Federal appeals court orders agency to make a decision within 90 days

by Britt E. Erickson
April 24, 2020

Chemical structure of tetrachlorvinphos.

A years-long battle between the US Environmental Protection Agency and the environmental advocacy group Natural Resources Defense Council (NRDC) over an organophosphate insecticide used in pet collars to control fleas and ticks may soon come to an end. A federal appeals court ordered the EPA on April 22 to respond to the NRDC’s petition to ban the neurotoxic pesticide tetrachlorvinphos (TCVP) in household pet products within 90 days.

The NRDC first filed the petition in 2009. The EPA denied it in 2014, claiming that TCVP in pet products does not pose a risk to human health. The NRDC appealed the decision, and as part of that lawsuit the EPA agreed to conduct another human health risk assessment. In that evaluation, the EPA concluded that exposure to TCVP may harm the developing brains of children.

During the final days of the Obama administration, the EPA said it would soon propose a rule to require pesticide makers to reduce human exposure to TCVP in pet products.

The Trump administration did not follow through, though. In 2019 the NRDC sued the agency again, demanding that it act on the 2009 petition to ban TCVP in pet products.

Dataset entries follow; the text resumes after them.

(* Let $n\ge1$, $\omega,\varphi\in\mathbb{R}^n$, $\mathbf{a}\in\mathbb{R}^{n\times n}$ with rows $a_1,\dots,a_n\in\mathbb{R}^n$ (entries $a_{ij}$), $b,c\in\mathbb{R}^n$, $d\in\mathbb{R}$, and let $$f(x)=\sum_{i=1}^n c_i\sin\Big(\sum_{j=1}^n a_{ij}\sin(\omega_jx+\varphi_j)+b_i\Big)+d.$$ For $\mathbf{k}\in\mathbb{Z}^n$, $u\in\mathbb{R}^n$ and $\beta\in\mathbb{R}$ put $\alpha_{\mathbf{k}}(u)=\prod_{j=1}^nJ_{k_j}(u_j)$, $A_{\mathbf{k}}(u,\beta)=\alpha_{\mathbf{k}}(u)\sin(\langle\mathbf{k},\varphi\rangle+\beta)$, $B_{\mathbf{k}}(u,\beta)=\alpha_{\mathbf{k}}(u)\cos(\langle\mathbf{k},\varphi\rangle+\beta)$, and let $A_{\mathbf{k}}=(A_{\mathbf{k}}(a_1,b_1),\dots,A_{\mathbf{k}}(a_n,b_n))$, $B_{\mathbf{k}}=(B_{\mathbf{k}}(a_1,b_1),\dots,B_{\mathbf{k}}(a_n,b_n))$. Then for all $x\in\mathbb{R}$, $$f(x)=\sum_{\mathbf{k}\in\mathbb{Z}^n}\langle c,A_{\mathbf{k}}\rangle\cos\big(\langle\mathbf{k},\omega\rangle x\big)+\langle c,B_{\mathbf{k}}\rangle\sin\big(\langle\mathbf{k},\omega\rangle x\big)+d.$$
   Context: $J_k$ is the Bessel function of the first kind of integer order $k$; $\langle\cdot,\cdot\rangle$ is the standard inner product on $\mathbb{R}^n$ (so $\langle\mathbf{k},\omega\rangle=\sum_jk_j\omega_j$). The function $f$ is a sinusoidal network with one hidden layer of width $n$: first layer $x\mapsto\sin(\omega x+\varphi)$, hidden layer $y\mapsto\sin(\mathbf{a}y+b)$, linear output $z\mapsto\langle c,z\rangle+d$. *)

theory Defs
  imports "HOL-Analysis.Analysis"
begin

definition bessel_J_nat :: "nat \<Rightarrow> real \<Rightarrow> real" where
  "bessel_J_nat n x = (\<Sum>m. (-1) ^ m / (fact m * fact (m + n)) * (x / 2) ^ (2 * m + n))"

definition bessel_J :: "int \<Rightarrow> real \<Rightarrow> real" where
  "bessel_J k x = (if 0 \<le> k then bessel_J_nat (nat k) x
                   else (-1) ^ nat (- k) * bessel_J_nat (nat (- k)) x)"

definition int_inner :: "int ^ 'n \<Rightarrow> real ^ 'n \<Rightarrow> real" where
  "int_inner k v = (\<Sum>j\<in>UNIV. of_int (k $ j) * v $ j)"

definition sin_net ::
  "real ^ 'n \<Rightarrow> real ^ 'n \<Rightarrow> real ^ 'n ^ 'n \<Rightarrow> real ^ 'n \<Rightarrow> real ^ 'n \<Rightarrow> real \<Rightarrow> real \<Rightarrow> real" where
  "sin_net \<omega> \<phi> a b c d x =
     (\<Sum>i\<in>UNIV. c $ i * sin ((\<Sum>j\<in>UNIV. a $ i $ j * sin (\<omega> $ j * x + \<phi> $ j)) + b $ i)) + d"

definition alpha_k :: "int ^ 'n \<Rightarrow> real ^ 'n \<Rightarrow> real" where
  "alpha_k k u = (\<Prod>j\<in>UNIV. bessel_J (k $ j) (u $ j))"

definition A_k :: "real ^ 'n \<Rightarrow> int ^ 'n \<Rightarrow> real ^ 'n \<Rightarrow> real \<Rightarrow> real" where
  "A_k \<phi> k u \<beta> = alpha_k k u * sin (int_inner k \<phi> + \<beta>)"

definition B_k :: "real ^ 'n \<Rightarrow> int ^ 'n \<Rightarrow> real ^ 'n \<Rightarrow> real \<Rightarrow> real" where
  "B_k \<phi> k u \<beta> = alpha_k k u * cos (int_inner k \<phi> + \<beta>)"

definition A_vec :: "real ^ 'n \<Rightarrow> real ^ 'n ^ 'n \<Rightarrow> real ^ 'n \<Rightarrow> int ^ 'n \<Rightarrow> real ^ 'n" where
  "A_vec \<phi> a b k = (\<chi> i. A_k \<phi> k (a $ i) (b $ i))"

definition B_vec :: "real ^ 'n \<Rightarrow> real ^ 'n ^ 'n \<Rightarrow> real ^ 'n \<Rightarrow> int ^ 'n \<Rightarrow> real ^ 'n" where
  "B_vec \<phi> a b k = (\<chi> i. B_k \<phi> k (a $ i) (b $ i))"

end

theory Submission
  imports Defs
begin

(* Write \<theta> = x \<omega> + \<phi>. Each hidden unit is
   sin (\<Sum>j a_ij sin \<theta>_j + b_i) = Im (cis b_i \<Prod>j cis (a_ij sin \<theta>_j)).
   By the Jacobi-Anger expansion cis (u sin t) = \<Sum>k J_k(u) cis (k t), an absolutely convergent
   series over k \<in> \<int>, so the finite product is the absolutely convergent sum over \<int>^n of
   \<alpha>_k(a_i) cis (<k, \<theta>>). Taking imaginary parts, multiplying by c_i, summing over i and
   splitting sin (<k, \<omega>> x + <k, \<phi>> + b_i) by the addition theorem gives the claim.
   Jacobi-Anger itself is the generating function exp (u/2 (w - 1/w)) = \<Sum>k J_k(u) w^k,
   obtained by multiplying the series of exp (u w / 2) and exp (-u / (2 w)) and collecting the
   terms w^p w^-q by k = p - q. *)

lemma has_sum_sum:
  fixes f :: "'i \<Rightarrow> 'a \<Rightarrow> 'b::{topological_comm_monoid_add, t2_space}"
  assumes "finite I" "\<And>i. i \<in> I \<Longrightarrow> (f i has_sum s i) A"
  shows "((\<lambda>x. \<Sum>i\<in>I. f i x) has_sum (\<Sum>i\<in>I. s i)) A"
  using assms by (induction I rule: finite_induct) (simp_all add: has_sum_add)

In its ruling, the US Court of Appeals for the Ninth Circuit called the EPA’s foot dragging on a critical public health matter “nothing short of egregious.” The agency has repeatedly “kicked the can down the road and betrayed its prior assurances of timely action, even as it has acknowledged that the pesticide poses widespread, serious risks to the neurodevelopmental health of children,” the court wrote.

“This is an important victory—and one for which we’ve been fighting for more than a decade,” Mae Wu, senior director of the NRDC’s health and food program, says in a statement.